We can use feature importances (see Figure 7) and directional effects observed from t tests (see Table 4) to make assumptions about groups that conduct suicide bombings. The most important feature in predicting whether groups engage in suicide bombing is their use of explosive vehicles to conduct attacks. That is, groups that engage in suicide bombings use explosive vehicles significnatly more often than groups that do not engage in suicide bombings.
Terrorist groups that use suicide bombing are also more likely to claim responsibility for their attacks than their counterparts, suggesting the former seek notoriety for their deeds. That is, these groups are forthcoming and tend not to hide in the shadows.
Finally, groups that engage in suicide bombings tend to provide significantly more services than groups that do not engage in suicide bombings.
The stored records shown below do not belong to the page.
(* Let $X$ be a topological space, $p=(p_1,\ldots,p_n):X\to\mathbb{R}^n$ a continuous function, and $(C^*_\sigma)_{\sigma\in\mathcal{S}^n}$ a family of sets such that: (1) $C^*_\sigma\subset X$ for all $\sigma\in\mathcal{S}^n$; (2) $C^*_\sigma$ is $(n-|\operatorname{dom}\sigma|-1)$-connected for all $\sigma\in\mathcal{S}^n$; (3) if $\sigma_1\subset\sigma_2$ then $C^*_{\sigma_1}\supset C^*_{\sigma_2}$; (4) $\sigma(i)\,p_i(y)\ge 0$ for all $\sigma\in\mathcal{S}^n$, all $i\in\operatorname{dom}\sigma$ and all $y\in C^*_\sigma$. Then there is $y\in C^*_\emptyset$ with $p(y)=0$.
   Context: $\mathcal{S}^n$ denotes the set of all partial functions $\sigma:[n]\to\{-1,+1\}$ (including the empty function $\emptyset$), with domain $\operatorname{dom}\sigma$; $\sigma_1\subset\sigma_2$ means $\sigma_2$ extends $\sigma_1$. A space is $k$-connected ($k\ge -1$) if it is nonempty and every continuous map $S^j\to$ the space, $0\le j\le k$, extends to the ball $B^{j+1}$; in particular $(-1)$-connected means nonempty. *)

theory Defs
  imports "HOL-Analysis.Analysis"
begin

text \<open>Closed unit ball B^(n+1) in R^(n+1) (coordinates 0..n), whose boundary is nsphere n = S^n.\<close>
definition nball :: "nat \<Rightarrow> (nat \<Rightarrow> real) topology" where
  "nball n \<equiv> subtopology (Euclidean_space (Suc n)) {x. (\<Sum>i\<le>n. x i ^ 2) \<le> 1}"

definition k_connected :: "'a topology \<Rightarrow> int \<Rightarrow> 'a set \<Rightarrow> bool" where
  "k_connected X k S \<longleftrightarrow> S \<noteq> {} \<and>
     (\<forall>j::nat. int j \<le> k \<longrightarrow>
        (\<forall>f. continuous_map (nsphere j) (subtopology X S) f \<longrightarrow>
           (\<exists>g. continuous_map (nball j) (subtopology X S) g \<and>
                (\<forall>x\<in>topspace (nsphere j). g x = f x))))"

definition signvecs :: "nat \<Rightarrow> (nat \<rightharpoonup> int) set" where
  "signvecs n = {\<sigma>. dom \<sigma> \<subseteq> {1..n} \<and> ran \<sigma> \<subseteq> {-1, 1}}"

end

theory Submission
  imports Defs "HOL-Homology.Homology"
begin

text \<open>
  Points of the cube \<open>[-1,1]\<^sup>n\<close> are classified by their sign vectors: the sign vector of \<open>x\<close>
  records the coordinates with \<open>x\<^sub>i = \<plusminus>1\<close>, and the points with sign vector extending \<open>\<sigma>\<close> form
  a face of dimension \<open>n - |dom \<sigma>|\<close>, a ball whose boundary is a sphere of dimension
  \<open>n - |dom \<sigma>| - 1\<close>. Adding faces in order of increasing dimension and using the connectivity of
  \<open>C\<^sub>\<sigma>\<close> to extend across each of them, one builds a continuous map \<open>f\<close> from the cube to \<open>X\<close>
  sending every point into \<open>C\<close> of its sign vector. The sign condition then says that the
  components \<open>p\<^sub>i \<circ> f\<close> satisfy the boundary conditions of the Poincare-Miranda theorem, and a
  zero \<open>x\<close> of \<open>p \<circ> f\<close> gives the point \<open>f x \<in> C\<^sub>\<emptyset>\<close>.

  Poincare-Miranda is reduced to the non-contractibility of spheres: without a zero, the map
  \<open>q / |q|\<close> on the boundary of the cube would be null-homotopic, since it extends over the cube,
  and homotopic to the identity of the sphere, by the boundary conditions.
\<close>

abbreviation seq_top :: "(nat \<Rightarrow> real) set \<Rightarrow> (nat \<Rightarrow> real) topology" where
  "seq_top S \<equiv> subtopology (powertop_real UNIV) S"

lemma continuous_map_seq_top_coordinate:
  "continuous_map (seq_top S) euclideanreal (\<lambda>x. x i)"
  by (metis UNIV_I continuous_map_from_subtopology continuous_map_product_projection)

lemma continuous_map_into_seq_top:
  assumes "\<And>i. continuous_map T euclideanreal (\<lambda>x. f x i)" "\<And>x. x \<in> topspace T \<Longrightarrow> f x \<in> S"
  shows "continuous_map T (seq_top S) f"
  using assms by (auto simp: continuous_map_in_subtopology continuous_map_componentwise_UNIV)

lemma continuous_map_if_closedin_Un:
  assumes "closedin X A" "closedin X B"
    and "continuous_map (subtopology X A) Y f" "continuous_map (subtopology X B) Y g"
    and "\<And>x. x \<in> A \<Longrightarrow> x \<in> B \<Longrightarrow> f x = g x"
  shows "continuous_map (subtopology X (A \<union> B)) Y (\<lambda>x. if x \<in> A then f x else g x)"
proof (rule pasting_lemma_closed[where I="{True, False}" and T="\<lambda>b. if b then A else B"
      and f="\<lambda>b. if b then f else g"])
  fix b :: bool
  show "closedin (subtopology X (A \<union> B)) (if b then A else B)"
    using assms(1,2) by (auto intro: closedin_subset_topspace)
  show "continuous_map (subtopology (subtopology X (A \<union> B)) (if b then A else B)) Y (if b then f else g)"
    using assms(3,4) by (simp add: subtopology_subtopology Int_absorb1)
qed (use assms(5) in auto)

section \<open>Spheres and balls on a finite set of coordinates\<close>

definition sphere_on :: "nat set \<Rightarrow> (nat \<Rightarrow> real) set" where
  "sphere_on J = {x. (\<Sum>i\<in>J. x i ^ 2) = 1 \<and> (\<forall>i. i \<notin> J \<longrightarrow> x i = 0)}"

definition ball_on :: "nat set \<Rightarrow> (nat \<Rightarrow> real) set" where
  "ball_on J = {x. (\<Sum>i\<in>J. x i ^ 2) \<le> 1 \<and> (\<forall>i. i \<notin> J \<longrightarrow> x i = 0)}"

lemma nsphere_eq_sphere_on: "nsphere j = seq_top (sphere_on {..j})"
  by (simp add: nsphere sphere_on_def not_le)

lemma nball_eq_ball_on: "nball j = seq_top (ball_on {..j})"
proof -
  have "{x. \<forall>i\<ge>Suc j. x i = 0} \<inter> {x. (\<Sum>i\<le>j. (x i)\<^sup>2) \<le> 1} = ball_on {..j}"
    by (auto simp: ball_on_def not_le Suc_le_eq)
  then show ?thesis
    by (simp add: nball_def Euclidean_space_def subtopology_subtopology)
qed

definition reindex :: "(nat \<Rightarrow> nat) \<Rightarrow> nat set \<Rightarrow> (nat \<Rightarrow> real) \<Rightarrow> nat \<Rightarrow> real" where
  "reindex h B x = (\<lambda>i. if i \<in> B then x (h i) else 0)"

lemma continuous_map_reindex: "continuous_map (seq_top S) (powertop_real UNIV) (reindex h B)"
  unfolding reindex_def continuous_map_componentwise_UNIV
  by (auto intro: continuous_map_if continuous_map_seq_top_coordinate)

lemma sum_square_reindex:
  "bij_betw h B A \<Longrightarrow> (\<Sum>i\<in>B. reindex h B x i ^ 2) = (\<Sum>i\<in>A. x i ^ 2)"
  using sum.reindex_bij_betw[of h B A "\<lambda>i. x i ^ 2"] by (simp add: reindex_def)

lemma reindex_inv_into_reindex:
  "bij_betw h B A \<Longrightarrow> \<forall>i. i \<notin> A \<longrightarrow> x i = 0 \<Longrightarrow> reindex (inv_into B h) A (reindex h B x) = x"
  by (auto simp: reindex_def fun_eq_iff bij_betw_def f_inv_into_f inv_into_into)

lemma reindex_reindex_inv_into:
  "bij_betw h B A \<Longrightarrow> \<forall>i. i \<notin> B \<longrightarrow> y i = 0 \<Longrightarrow> reindex h B (reindex (inv_into B h) A y) = y"
  by (auto simp: reindex_def fun_eq_iff bij_betw_def)

lemma homeomorphic_maps_reindex:
  assumes "bij_betw h B A"
  shows "homeomorphic_maps
           (seq_top {x. P (\<Sum>i\<in>A. x i ^ 2) \<and> (\<forall>i. i \<notin> A \<longrightarrow> x i = 0)})
           (seq_top {x. P (\<Sum>i\<in>B. x i ^ 2) \<and> (\<forall>i. i \<notin> B \<longrightarrow> x i = 0)})
           (reindex h B) (reindex (inv_into B h) A)"
proof -
  have "continuous_map (seq_top {x. P (\<Sum>i\<in>A'. x i ^ 2) \<and> (\<forall>i. i \<notin> A' \<longrightarrow> x i = 0)})
          (seq_top {x. P (\<Sum>i\<in>B'. x i ^ 2) \<and> (\<forall>i. i \<notin> B' \<longrightarrow> x i = 0)}) (reindex h' B')"
    if "bij_betw h' B' A'" for h' A' B'
    using continuous_map_reindex[of _ h' B'] sum_square_reindex[OF that]
    by (auto simp: continuous_map_in_subtopology reindex_def)
  then show ?thesis
    using assms bij_betw_inv_into[OF assms]
    by (auto simp: homeomorphic_maps_def reindex_inv_into_reindex reindex_reindex_inv_into)
qed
According to OEF researchers, some violent groups seek legitimacy and international support through service provision (see Heger & Jung, 2015).
Taken together, this work suggests authorities and individuals should be particularly vigilent in areas that have a high density of vehicles. Authorities should monitor terriost groups that have claimed responsibility for suicide bombings in the past -- particularly those that provide services for their communities.
Heger, Lindsay L. and Danielle F. Jung (2015) Negotiating with rebels: The effect of rebel service provision on conflict negotiations. Journal of Conflict Resolution, 61, 1203-1229.